Population (January 1, 2024)
- • Total: 25,742
- Climate: Cfa

= Marneuli =

Marneuli (მარნეული /ka/, Sarvan) is a city in the Kvemo Kartli region of southern Georgia and administrative center of Marneuli Municipality that borders neighboring Azerbaijan and Armenia.

== Toponymy ==
According to Georgian sources, the name Marneuli is of Georgian origin and some have attested the name to "marani" (მარანი), the Georgian word "winery".

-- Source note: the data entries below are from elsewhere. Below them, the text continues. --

lemma sum_off_diag_symmetric:
  fixes f :: "nat \<Rightarrow> nat \<Rightarrow> 'b :: comm_semiring_1"
  assumes sym: "\<And>k l. f k l = f l k"
  shows "(\<Sum>(k, l)\<in>off_diag {1..m}. f k l) = 2 * (\<Sum>k = 1..m - 1. \<Sum>l = k + 1..m. f k l)"
proof -
  define U where "U = {(k, l). 1 \<le> k \<and> k < l \<and> l \<le> m}"
  have split: "off_diag {1..m} = U \<union> prod.swap ` U" and disj: "U \<inter> prod.swap ` U = {}"
    by (auto simp: off_diag_def U_def)
  have finU: "finite U" by (rule finite_subset[of _ "{1..m} \<times> {1..m}"]) (auto simp: U_def)
  have swap: "(\<Sum>(k, l)\<in>prod.swap ` U. f k l) = (\<Sum>(k, l)\<in>U. f k l)"
    by (subst sum.reindex) (auto simp: sym case_prod_beta)
  have "(\<Sum>(k, l)\<in>off_diag {1..m}. f k l) = 2 * (\<Sum>(k, l)\<in>U. f k l)"
    unfolding split using finU by (simp add: sum.union_disjoint disj swap mult_2)
  also have "U = Sigma {1..m - 1} (\<lambda>k. {k + 1..m})" by (auto simp: U_def)
  finally show ?thesis by (simp add: sum.Sigma)
qed

section \<open>Reachability\<close>

definition reachable :: "'a set set \<Rightarrow> 'a \<Rightarrow> 'a \<Rightarrow> bool" where
  "reachable F x y \<longleftrightarrow> (x, y) \<in> (adj_rel F)\<^sup>*"

lemma reachable_refl [simp]: "reachable F x x"
  by (simp add: reachable_def)

lemma reachable_trans: "reachable F x y \<Longrightarrow> reachable F y z \<Longrightarrow> reachable F x z"
  unfolding reachable_def by (rule rtrancl_trans)

lemma reachable_edge: "{x, y} \<in> F \<Longrightarrow> reachable F x y"
  unfolding reachable_def adj_rel_def by (rule r_into_rtrancl) simp

lemma reachable_sym: "reachable F x y \<Longrightarrow> reachable F y x"
  unfolding reachable_def
proof (induction rule: rtrancl_induct)
  case (step y z)
  then have "(z, y) \<in> adj_rel F" by (simp add: adj_rel_def insert_commute)
  with step.IH show ?case by (meson converse_rtrancl_into_rtrancl)
qed simp
(* Let $K,G:[0,\infty)\to\mathbb{R}$ be continuous, let $f$ solve $f''+Kf=0$ with $f>0$ on $(0,\infty)$ and $\int_1^\infty f(t)^{-2}dt<\infty$, and let $m$ solve $m''+Gm=0$ with $m(0)=f(0)$, $m'(0)=f'(0)$. Suppose the support of $G-K$ is contained in a bounded interval $[a,b]\subset[1,\infty)$. Set $$C(f,a,b):=\Big(\int_a^\infty f(t)^{-2}dt\Big)\cdot\|f^2|_{[a,b]}\|_2>0.$$ If $C(f,a,b)\,\|G-K\|_2<1$, then $$\alpha(m)\le\frac{C(f,a,b)\,\|G-K\|_2}{1-C(f,a,b)\,\|G-K\|_2}.$$
   Context: Notation: $\|G-K\|_2:=\sqrt{\int_0^\infty|G-K|^2dt}$; $\|f^2|_{[a,b]}\|_2:=\sqrt{\int_a^b f(t)^4dt}$; $\sigma(t):=m(t)/f(t)-1$ for $t>0$; $\alpha(m):=\sup_{t>0}|\sigma(t)|$. *)

theory Defs
  imports "HOL-Analysis.Analysis"
begin

definition L2_diff :: "(real \<Rightarrow> real) \<Rightarrow> (real \<Rightarrow> real) \<Rightarrow> real" where
  "L2_diff G K = sqrt (integral {0..} (\<lambda>t. \<bar>G t - K t\<bar>^2))"

definition L2_sq_restr :: "(real \<Rightarrow> real) \<Rightarrow> real \<Rightarrow> real \<Rightarrow> real" where
  "L2_sq_restr f a b = sqrt (integral {a..b} (\<lambda>t. (f t)^4))"

definition Cfab :: "(real \<Rightarrow> real) \<Rightarrow> real \<Rightarrow> real \<Rightarrow> real" where
  "Cfab f a b = integral {a..} (\<lambda>t. 1 / (f t)^2) * L2_sq_restr f a b"

definition sigma :: "(real \<Rightarrow> real) \<Rightarrow> (real \<Rightarrow> real) \<Rightarrow> real \<Rightarrow> real" where
  "sigma m f t = m t / f t - 1"

definition alpha :: "(real \<Rightarrow> real) \<Rightarrow> (real \<Rightarrow> real) \<Rightarrow> ereal" where
  "alpha m f = (SUP t\<in>{0<..}. ereal \<bar>sigma m f t\<bar>)"

end

theory Submission
  imports Defs
begin

text \<open>
  Proof of the perturbation bound for the equations f'' + K f = 0 and m'' + G m = 0.
  Let W = m' f - m f' be the Wronskian of the two solutions and sigma = m/f - 1.
  Since G = K outside [a,b] and the initial data agree, uniqueness for linear second
  order equations (an energy estimate of Gronwall type) gives m = f on [0,a], so
  W(a) = sigma(a) = 0.  From W' = -(G - K) f m and sigma' = W / f^2 we obtain
     W(s) = - integral over [a, min s b] of (G - K) f^2 (1 + sigma),
     sigma(u) = integral over [a, u] of W / f^2.
  If |sigma| <= S on [a,u], the Cauchy-Schwarz inequality bounds |W| by
  (1 + S) ||G - K||_2 ||f^2|[a,b]||_2 and therefore |sigma(u)| by (1 + S) C with
  C = C(f,a,b) ||G - K||_2.  Taking for S the maximum of |sigma| on [a,T] yields
  S <= (1 + S) C, that is S <= C / (1 - C).
\<close>

section \<open>General facts about integrals\<close>

text \<open>An integral of a nonnegative function is nonnegative, integrable or not
  (a non-integrable function has integral 0 by convention).\<close>
lemma integral_nonneg_any:
  fixes g :: "'a::euclidean_space \<Rightarrow> real"
  assumes "\<And>x. x \<in> S \<Longrightarrow> 0 \<le> g x"
  shows "0 \<le> integral S g"
  by (metis assms integral_nonneg not_integrable_integral order_refl)

lemma L2_diff_nonneg: "0 \<le> L2_diff G K"
  unfolding L2_diff_def by (simp add: integral_nonneg_any)

lemma L2_sq_restr_nonneg: "0 \<le> L2_sq_restr f a b"
  unfolding L2_sq_restr_def by (simp add: integral_nonneg_any)

lemma Cfab_nonneg: "0 \<le> Cfab f a b"
  unfolding Cfab_def by (simp add: integral_nonneg_any L2_sq_restr_nonneg)

lemma integral_on_support:
  fixes g :: "'a::euclidean_space \<Rightarrow> 'b::banach"
  assumes "T \<subseteq> S" and "\<And>x. x \<in> S \<Longrightarrow> x \<notin> T \<Longrightarrow> g x = 0"
  shows "integral S g = integral T g"
proof -
  have "integral S g = integral S (\<lambda>x. if x \<in> T then g x else 0)"
    by (rule integral_cong) (use assms in auto)
  also have "\<dots> = integral (T \<inter> S) g" by (rule integral_restrict_Int)
  finally show ?thesis using assms(1) by (simp add: Int_absorb2)
qed

lemma nonneg_integrable_on_subset:
  fixes g :: "'a::euclidean_space \<Rightarrow> real"
  assumes "g integrable_on S" "\<And>x. x \<in> S \<Longrightarrow> 0 \<le> g x" "T \<in> sets lebesgue" "T \<subseteq> S"
  shows "g integrable_on T"
proof -
  have "g absolutely_integrable_on S"
    using assms(1,2) by (rule nonnegative_absolutely_integrable_1)
  hence "g absolutely_integrable_on T"
    using assms(3,4) by (rule set_integrable_subset)
  thus ?thesis using set_lebesgue_integral_eq_integral(1) by blast
qed

lemma nonneg_quadratic_discriminant:
  fixes A X B :: real
  assumes nonneg: "\<And>x. 0 \<le> A*x^2 + 2*X*x + B"
  shows "X^2 \<le> A*B"
proof (cases "A = 0")
  case True
  show ?thesis
  proof (rule ccontr)
    assume "\<not> ?thesis"
    then have "X \<noteq> 0" using True by simp
    have "0 \<le> A*(-(B+1)/(2*X))^2 + 2*X*(-(B+1)/(2*X)) + B" by (rule nonneg)
    also have "\<dots> = -1" using True \<open>X \<noteq> 0\<close> by (simp add: field_simps)
    finally show False by simp
  qed
next
  case False
  have "A \<ge> 0"
  proof (rule ccontr)
    assume "\<not> A \<ge> 0"
    hence A_neg: "A < 0" by simp
    define x where "x = sqrt ((\<bar>B\<bar> + 1) / (- A))"
    have x2: "x^2 = (\<bar>B\<bar> + 1) / (- A)" unfolding x_def using A_neg by (simp add: divide_nonneg_neg)
    have "0 \<le> A*x^2 + 2*X*x + B" "0 \<le> A*(-x)^2 + 2*X*(-x) + B" by (rule nonneg)+
    hence "0 \<le> A*x^2 + B" by simp
    also have "A*x^2 = -(\<bar>B\<bar> + 1)" using x2 A_neg by simp
    finally show False by simp
  qed
  hence A_pos: "A > 0" using False by simp
  have "0 \<le> A*(-X/A)^2 + 2*X*(-X/A) + B" by (rule nonneg)
  also have "\<dots> = B - X^2/A" using A_pos by (simp add: field_simps power2_eq_square)
  finally have "X^2/A \<le> B" by simp
  thus ?thesis using A_pos by (simp add: field_simps)
qed

text \<open>Cauchy-Schwarz inequality for integrals of continuous functions on a compact
  interval: the integral of (x p + q)^2 is a nonnegative quadratic in x.\<close>
lemma cauchy_schwarz_integral:
  fixes p q :: "real \<Rightarrow> real"
  assumes cp: "continuous_on {c..d} p" and cq: "continuous_on {c..d} q"
  shows "integral {c..d} (\<lambda>t. p t * q t)
     \<le> sqrt (integral {c..d} (\<lambda>t. (p t)^2)) * sqrt (integral {c..d} (\<lambda>t. (q t)^2))"
proof -
  define A where "A = integral {c..d} (\<lambda>t. (p t)^2)"
  define B where "B = integral {c..d} (\<lambda>t. (q t)^2)"
  define X where "X = integral {c..d} (\<lambda>t. p t * q t)"
  have "0 \<le> A*x^2 + 2*X*x + B" for x
  proof -
    have expand: "(x * p t + q t)^2 = x^2 * (p t)^2 + (2*x) * (p t * q t) + (q t)^2" for t
      by (simp add: power2_eq_square algebra_simps)
    have "0 \<le> integral {c..d} (\<lambda>t. (x * p t + q t)^2)"
      by (simp add: integral_nonneg_any)
    also have "\<dots> = x^2 * A + (2*x) * X + B"
      unfolding expand A_def B_def X_def
      by (subst integral_add integral_mult_right;
          (intro integrable_continuous_interval continuous_intros cp cq)?)+ simp
    finally show ?thesis by (simp add: algebra_simps)
  qed
  hence "X^2 \<le> A*B" by (rule nonneg_quadratic_discriminant)
  hence "\<bar>X\<bar> \<le> sqrt (A*B)" using real_sqrt_le_mono[of "X^2" "A*B"] by simp
  thus ?thesis unfolding A_def B_def X_def by (simp add: real_sqrt_mult)
qed

lemma cauchy_schwarz_integral_initial:
  fixes p q :: "real \<Rightarrow> real"
  assumes "c \<le> s" "s \<le> d" and cp: "continuous_on {c..d} p" and cq: "continuous_on {c..d} q"
  shows "integral {c..s} (\<lambda>t. p t * q t)
     \<le> sqrt (integral {c..d} (\<lambda>t. (p t)^2)) * sqrt (integral {c..d} (\<lambda>t. (q t)^2))"
proof -
  have sub: "{c..s} \<subseteq> {c..d}" using assms by auto
  have square_mono: "integral {c..s} (\<lambda>t. (h t)^2) \<le> integral {c..d} (\<lambda>t. (h t)^2)"
    if ch: "continuous_on {c..d} h" for h :: "real \<Rightarrow> real"
    by (rule integral_subset_le[OF sub])
       (auto intro!: integrable_continuous_interval continuous_intros ch continuous_on_subset[OF ch sub])
  have "integral {c..s} (\<lambda>t. p t * q t)
     \<le> sqrt (integral {c..s} (\<lambda>t. (p t)^2)) * sqrt (integral {c..s} (\<lambda>t. (q t)^2))"
    by (rule cauchy_schwarz_integral; rule continuous_on_subset[OF _ sub]) (fact cp cq)+
  also have "\<dots> \<le> sqrt (integral {c..d} (\<lambda>t. (p t)^2)) * sqrt (integral {c..d} (\<lambda>t. (q t)^2))"
    by (intro mult_mono real_sqrt_le_mono square_mono cp cq) (simp_all add: integral_nonneg_any)
  finally show ?thesis .
qed

section \<open>Uniqueness for the linear second order equation\<close>

text \<open>Pointwise growth bound for the energy y^2 + z^2 along y' = z, z' = -k y.\<close>
lemma energy_growth:
  fixes y z k B :: real
  assumes "\<bar>k\<bar> \<le> B"
  shows "2 * y * z + 2 * z * (- k * y) \<le> (1 + \<bar>B\<bar>) * (y^2 + z^2)"
proof -
  have "2 * y * z + 2 * z * (- k * y) = 2 * (y * z) * (1 - k)" by (simp add: algebra_simps)
  also have "\<dots> \<le> \<bar>2 * (y * z)\<bar> * \<bar>1 - k\<bar>" by (metis abs_ge_self abs_mult)
  also have "\<dots> \<le> (y^2 + z^2) * (1 + \<bar>B\<bar>)"
  proof (rule mult_mono)
    have "0 \<le> (\<bar>y\<bar> - \<bar>z\<bar>)^2" by simp
    thus "\<bar>2 * (y * z)\<bar> \<le> y^2 + z^2" by (simp add: power2_diff abs_mult power2_abs)
    show "\<bar>1 - k\<bar> \<le> 1 + \<bar>B\<bar>" using assms by linarith
  qed auto
  finally show ?thesis by (simp add: mult.commute)
qed

text \<open>The
  second derivative w only has to agree with -K y on [0,a); the proof shows that the
  weighted energy (y^2 + z^2) exp(-L t) is nonincreasing.\<close>
lemma linear_ode_zero_data:
  fixes y z w K :: "real \<Rightarrow> real"
  assumes cK: "continuous_on {0..a} K"
    and dy: "\<And>t. t \<in> {0..a} \<Longrightarrow> (y has_real_derivative z t) (at t within {0..a})"
    and dz: "\<And>t. t \<in> {0..a} \<Longrightarrow> (z has_real_derivative w t) (at t within {0..a})"
    and wK: "\<And>t. 0 \<le> t \<Longrightarrow> t < a \<Longrightarrow> w t = - K t * y t"
    and y0: "y 0 = 0" and z0: "z 0 = 0"
    and t: "t \<in> {0..a}"
  shows "y t = 0 \<and> z t = 0"
proof -
  obtain B where B: "\<And>s. s \<in> {0..a} \<Longrightarrow> \<bar>K s\<bar> \<le> B"
    using compact_imp_bounded[OF compact_continuous_image[OF cK compact_Icc]]
    unfolding bounded_iff real_norm_def by (metis imageI)
  define L where "L = 1 + \<bar>B\<bar>"
  define E where "E s = ((y s)^2 + (z s)^2) * exp (- L * s)" for s
  have cE: "continuous_on {0..t} E"
    unfolding E_def using t
    by (intro continuous_intros continuous_on_subset[OF DERIV_continuous_on[OF dy]]
        continuous_on_subset[OF DERIV_continuous_on[OF dz]]) auto
  have "E t \<le> E 0"
  proof (rule DERIV_nonpos_imp_decreasing_open[OF _ _ cE])
    show "0 \<le> t" using t by simp
    fix s assume s: "0 < s" "s < t"
    have s_int: "s \<in> interior {0..a}" using s t by simp
    have "(y has_real_derivative z s) (at s)" "(z has_real_derivative w s) (at s)"
      using dy[of s] dz[of s] s t at_within_interior[OF s_int] by auto
    hence "(E has_real_derivative
       ((2 * y s * z s + 2 * z s * w s) - L * ((y s)^2 + (z s)^2)) * exp (- L * s)) (at s)"
      unfolding E_def by (auto intro!: derivative_eq_intros simp: algebra_simps)
    moreover have "2 * y s * z s + 2 * z s * w s \<le> L * ((y s)^2 + (z s)^2)"
      using energy_growth[OF B[of s]] wK[of s] s t unfolding L_def by auto
    ultimately show "\<exists>d. (E has_real_derivative d) (at s) \<and> d \<le> 0"
      by (auto simp: mult_nonpos_nonneg)
  qed
  hence "(y t)^2 + (z t)^2 \<le> 0" unfolding E_def using y0 z0 by (simp add: mult_le_0_iff)
  thus ?thesis by (simp add: sum_power2_le_zero_iff)
qed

The name used by the Azerbaijanis to refer to the city, Sarvan, The word was borrowed from Persian sârebân (ساربان), meaning "the keeper of camels".

== Geography ==
Marneuli is located on the banks of the Algeti river, 20 km south of the capital Tbilisi and nearing the northern borders of both Armenia and Azerbaijan. It has a moderately warm steppe climate, with moderately cold winters and hot summers. The city is located on the S6 highway leading to Vanadzor in Armenia, and has a railway station on the Tbilisi-Yerevan line.

==Demographics==
According to the 2014 Georgian census the population of the city was 20,211. The city is predominantly populated by Georgian Azerbaijanis (83,1%). As of January 1, 2023, the population was 24,928.

==History==
Marneuli is the center of the Marneuli Municipality of Georgia. By the decree of the Georgian SSR of March 18, 1947, the village of Borchalo was renamed into Marneuli. It received the status of a city in 1964.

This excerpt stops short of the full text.